If these are not bariatric then I don’t know what is! We love these mini burgers, layered on a bamboo skewer with lettuce, tomatoes and pickles! These burger bites make the perfect low-carb, high protein bariatric meal! Just set out the ketchup and mustard for dipping and watch them disappear!
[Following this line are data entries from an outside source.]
(* Let $n\ge 2$ and let $\mathsf r=[r_1,\dots,r_{2n-2}]$ be a tree-like factorization of $\lambda_n$. For $j=1,\dots,2n-2$, the element $(r_1\cdots r_{j-1})\,r_j\,(r_{j-1}\cdots r_1)$ is a reflection of the form $(\!(0,m_j)\!)$, where $m_j$ is its value at $0$. Then $\mathsf r$ is cyclic if and only if $m_1<m_2<\dots<m_{2n-2}$.
   Context: The affine symmetric group $\widetilde S_n$ is the group, under composition $(vw)(k)=v(w(k))$, of bijections $w:\mathbb Z\to\mathbb Z$ with $w(i+n)=w(i)+n$ and $\sum_{i=1}^n w(i)=\binom{n+1}{2}$. For $i\not\equiv j\pmod n$, $(\!(i,j)\!)$ is the affine reflection interchanging $i+kn$ and $j+kn$ for all $k\in\mathbb Z$; $(\!(i,j)\!)=(\!(j,i)\!)=(\!(i+kn,j+kn)\!)$. For an integer $i$, "$i\bmod n$" denotes the representative of $i$ modulo $n$ in $\{1,\dots,n\}$. Let $\lambda_n$ be the element with $\lambda_n(k)=k+n$ for $k\not\equiv0\pmod n$ and $\lambda_n(k)=k-n(n-1)$ for $k\equiv 0\pmod n$; its reflection length is $2n-2$. $\textsc{fact}(\lambda_n)$ is the set of sequences $[r_1,\dots,r_{2n-2}]$ of reflections with $r_1\cdots r_{2n-2}=\lambda_n$. Such a sequence is tree-like if one can write $r_i=(\!(a_{i-1},b_i)\!)$ with integers $a_{i-1}<b_i$ ($1\le i\le 2n-2$) and $a_i\equiv b_i\pmod n$ ($1\le i\le 2n-3$). For a tree-like $\mathsf r$ so written and $k\in[n]$, let $N_{\mathsf r}(k)$ be the list, in increasing order of $i$, of the values $b_i\bmod n$ over all $i$ with $a_{i-1}\equiv k\pmod n$. A tree-like $\mathsf r$ is cyclic if (i) $N_{\mathsf r}(n)$ is strictly increasing, and (ii) for every $1\le k<n$, writing $N_{\mathsf r}(k)=[c_1,\dots,c_\ell]$, there exists $1\le j\le \ell$ with $c_j<c_{j+1}<\dots<c_{\ell-1}<k<c_1<\dots<c_{j-1}$ (note $c_\ell$ does not appear; it is replaced by $k$). *)

theory Defs
  imports Main
begin

definition affine_sym :: "nat \<Rightarrow> (int \<Rightarrow> int) set" where
  "affine_sym n = {w. bij w \<and> (\<forall>i. w (i + int n) = w i + int n)
                     \<and> (\<Sum>i=1..int n. w i) = int n * (int n + 1) div 2}"

text \<open>The affine reflection ((i,j)): interchanges i+kn and j+kn for all k
  (meaningful when i and j are not congruent mod n).\<close>
definition aff_refl :: "nat \<Rightarrow> int \<Rightarrow> int \<Rightarrow> int \<Rightarrow> int" where
  "aff_refl n i j = (\<lambda>k. if k mod int n = i mod int n then k - i + j
                         else if k mod int n = j mod int n then k - j + i else k)"

definition reflections :: "nat \<Rightarrow> (int \<Rightarrow> int) set" where
  "reflections n = {aff_refl n i j | i j. i mod int n \<noteq> j mod int n}"

definition modn :: "nat \<Rightarrow> int \<Rightarrow> int" where
  "modn n i = (if i mod int n = 0 then int n else i mod int n)"

definition lambda_n :: "nat \<Rightarrow> int \<Rightarrow> int" where
  "lambda_n n = (\<lambda>k. if k mod int n = 0 then k - int n * (int n - 1) else k + int n)"

text \<open>Product r_1 r_2 ... r_m of a list of permutations (composition, (vw)(k) = v(w(k))).\<close>
definition lprod :: "(int \<Rightarrow> int) list \<Rightarrow> int \<Rightarrow> int" where
  "lprod rs = foldr (\<circ>) rs id"

definition fact_lambda :: "nat \<Rightarrow> (int \<Rightarrow> int) list set" where
  "fact_lambda n = {rs. length rs = 2 * n - 2 \<and> set rs \<subseteq> reflections n
                        \<and> lprod rs = lambda_n n}"

text \<open>r_i = rs ! (i-1). A tree-like writing: r_i = ((a_{i-1}, b_i)) with a_{i-1} < b_i
  for 1 <= i <= 2n-2, and a_i = b_i mod n for 1 <= i <= 2n-3.\<close>
definition tree_like_repr :: "nat \<Rightarrow> (int \<Rightarrow> int) list \<Rightarrow> (nat \<Rightarrow> int) \<Rightarrow> (nat \<Rightarrow> int) \<Rightarrow> bool" where
  "tree_like_repr n rs a b \<longleftrightarrow>
     (\<forall>i\<in>{1..2*n-2}. a (i - 1) mod int n \<noteq> b i mod int n \<and>
                      rs ! (i - 1) = aff_refl n (a (i - 1)) (b i) \<and> a (i - 1) < b i) \<and>
     (\<forall>i\<in>{1..2*n-3}. a i mod int n = b i mod int n)"

definition tree_like :: "nat \<Rightarrow> (int \<Rightarrow> int) list \<Rightarrow> bool" where
  "tree_like n rs \<longleftrightarrow> (\<exists>a b. tree_like_repr n rs a b)"

text \<open>N_r(k): values b_i mod n, in increasing order of i, over i with a_{i-1} = k mod n.\<close>
definition Nlist :: "nat \<Rightarrow> (nat \<Rightarrow> int) \<Rightarrow> (nat \<Rightarrow> int) \<Rightarrow> int \<Rightarrow> int list" where
  "Nlist n a b k = map (\<lambda>i. modn n (b i))
      (filter (\<lambda>i. a (i - 1) mod int n = k mod int n) [1..<2*n-1])"

text \<open>Condition (ii) for a list cs = [c_1,...,c_l]: some 1 <= j <= l with
  c_j < ... < c_{l-1} < k < c_1 < ... < c_{j-1}  (0-indexed: j0 = j-1).\<close>
definition cyc_cond :: "int list \<Rightarrow> int \<Rightarrow> bool" where
  "cyc_cond cs k \<longleftrightarrow> (\<exists>j0 < length cs.
       sorted_wrt (<) (drop j0 (butlast cs) @ [k] @ take j0 cs))"

definition cyclic :: "nat \<Rightarrow> (int \<Rightarrow> int) list \<Rightarrow> bool" where
  "cyclic n rs \<longleftrightarrow> (\<exists>a b. tree_like_repr n rs a b \<and>
       sorted_wrt (<) (Nlist n a b (int n)) \<and>
       (\<forall>k. 1 \<le> k \<and> k < int n \<longrightarrow> cyc_cond (Nlist n a b k) k))"

definition conj_refl :: "(int \<Rightarrow> int) list \<Rightarrow> nat \<Rightarrow> int \<Rightarrow> int" where
  "conj_refl rs j = lprod (take (j - 1) rs) \<circ> rs ! (j - 1) \<circ> lprod (rev (take (j - 1) rs))"

end

(*
  Write r_i = ((c_{i-1}, c_i)) with c_0 < c_1 < ... < c_{2n-2}. Since lambda_n sends c_{2n-2}
  to c_0, both ends lie in the class of 0, and the factorization is a closed walk on the residue
  classes mod n. Follow a point x not divisible by n through r_{2n-2}, ..., r_1: the reflection
  r_i moves it, by c_i - c_{i-1}, exactly when it currently lies in the class of c_{i-1}. The
  moves of x add up to n (as lambda_n x = x + n) and no single step is a multiple of n, so every
  nonzero class is moved at least twice, hence, there being only 2n-2 steps, exactly twice: at
  the step where the walk first enters it and at the step where it finally leaves it. The walk is
  therefore a depth-first traversal of a tree on the classes.

  Conjugating, r_1 ... r_{j-1} r_j r_{j-1} ... r_1 = ((c_0, c_0 + m_j)) where c_0 + m_j is c_j,
  increased by n - (c_j - c_{j-1}) when step j is the exit from a class. Hence m_1 < m_2 < ...
  iff c_{j+1} - c_{j-1} > n whenever an exit step j is followed by an entry step j+1. By
  induction along the walk this is equivalent to the steps leaving each class, apart from its
  final exit, having increasing lengths, which is the cyclicity condition once the residues
  c_i mod n are read in the cyclic order that starts just after the class left.
*)
theory Submission
  imports Defs
begin

section \<open>Affine reflections and periodic bijections\<close>

lemma mod_diff_add_eq:
  fixes x p q N :: int
  assumes "x mod N = p mod N"
  shows "(x - p + q) mod N = q mod N"
proof -
  have "(x - p + q) mod N = (p - p + q) mod N"
    using assms by (intro mod_add_cong mod_diff_cong) simp_all
  then show ?thesis by simp
qed

lemma aff_refl_add_period: "aff_refl n p q (x + int n) = aff_refl n p q x + int n"
  unfolding aff_refl_def by simp

lemma aff_refl_left: "aff_refl n p q p = q"
  unfolding aff_refl_def by simp

lemma aff_refl_right: "p mod int n \<noteq> q mod int n \<Longrightarrow> aff_refl n p q q = p"
  unfolding aff_refl_def by auto

lemma aff_refl_involutive:
  assumes "p mod int n \<noteq> q mod int n"
  shows "aff_refl n p q \<circ> aff_refl n p q = id"
proof
  fix x
  have "q mod int n \<noteq> p mod int n" using assms by simp
  then show "(aff_refl n p q \<circ> aff_refl n p q) x = id x"
    using mod_diff_add_eq[of x "int n" p q] mod_diff_add_eq[of x "int n" q p] assms
    unfolding aff_refl_def by auto
qed

lemma aff_refl_translate:
  assumes "p' mod int n = p mod int n" and "q' - p' = q - p"
  shows "aff_refl n p' q' = aff_refl n p q"
proof -
  have "q' = p' - p + q" using assms(2) by simp
  then have "q' mod int n = q mod int n" using mod_diff_add_eq[OF assms(1)] by simp
  then show ?thesis using assms unfolding aff_refl_def by (auto simp: fun_eq_iff)
qed

definition periodic :: "nat \<Rightarrow> (int \<Rightarrow> int) \<Rightarrow> bool" where
  "periodic n F \<longleftrightarrow> (\<forall>x. F (x + int n) = F x + int n)"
Enjoy in confidence!

GATHER:

2 lbs 93% beef
4 oz center cut raw bacon, minced
2 tbsp prepared mustard
1/2 tsp kosher salt
1/2 tsp onion powder
1/4 tsp black pepper
1 head butter lettuce
30 cherry tomatoes
30 dill pickle chips or slices
Ketchup, mayo and/or mustard optional for serving

MAKE:

*Using your hands, gently mix together the beef, bacon, mustard, salt, onion powder and pepper.
*Form into 30 (golf ball size) meatballs.
*Heat a grill or grill pan to high heat and grill 3 minutes on each side, or until your desired doneness.
*Place on skewers with lettuce, pickles and tomatoes and serve with ketchup and mustard for dipping.

EAT:

Yield: 30 “bites”, Serving Size: 1 bite
Calories: 66
Protein: 8 grams
Carbohydrates: 1.5 grams
Total Fat: 2.5 grams

Slightly adapted from Danielle Walker’s Against All Grain Celebrations.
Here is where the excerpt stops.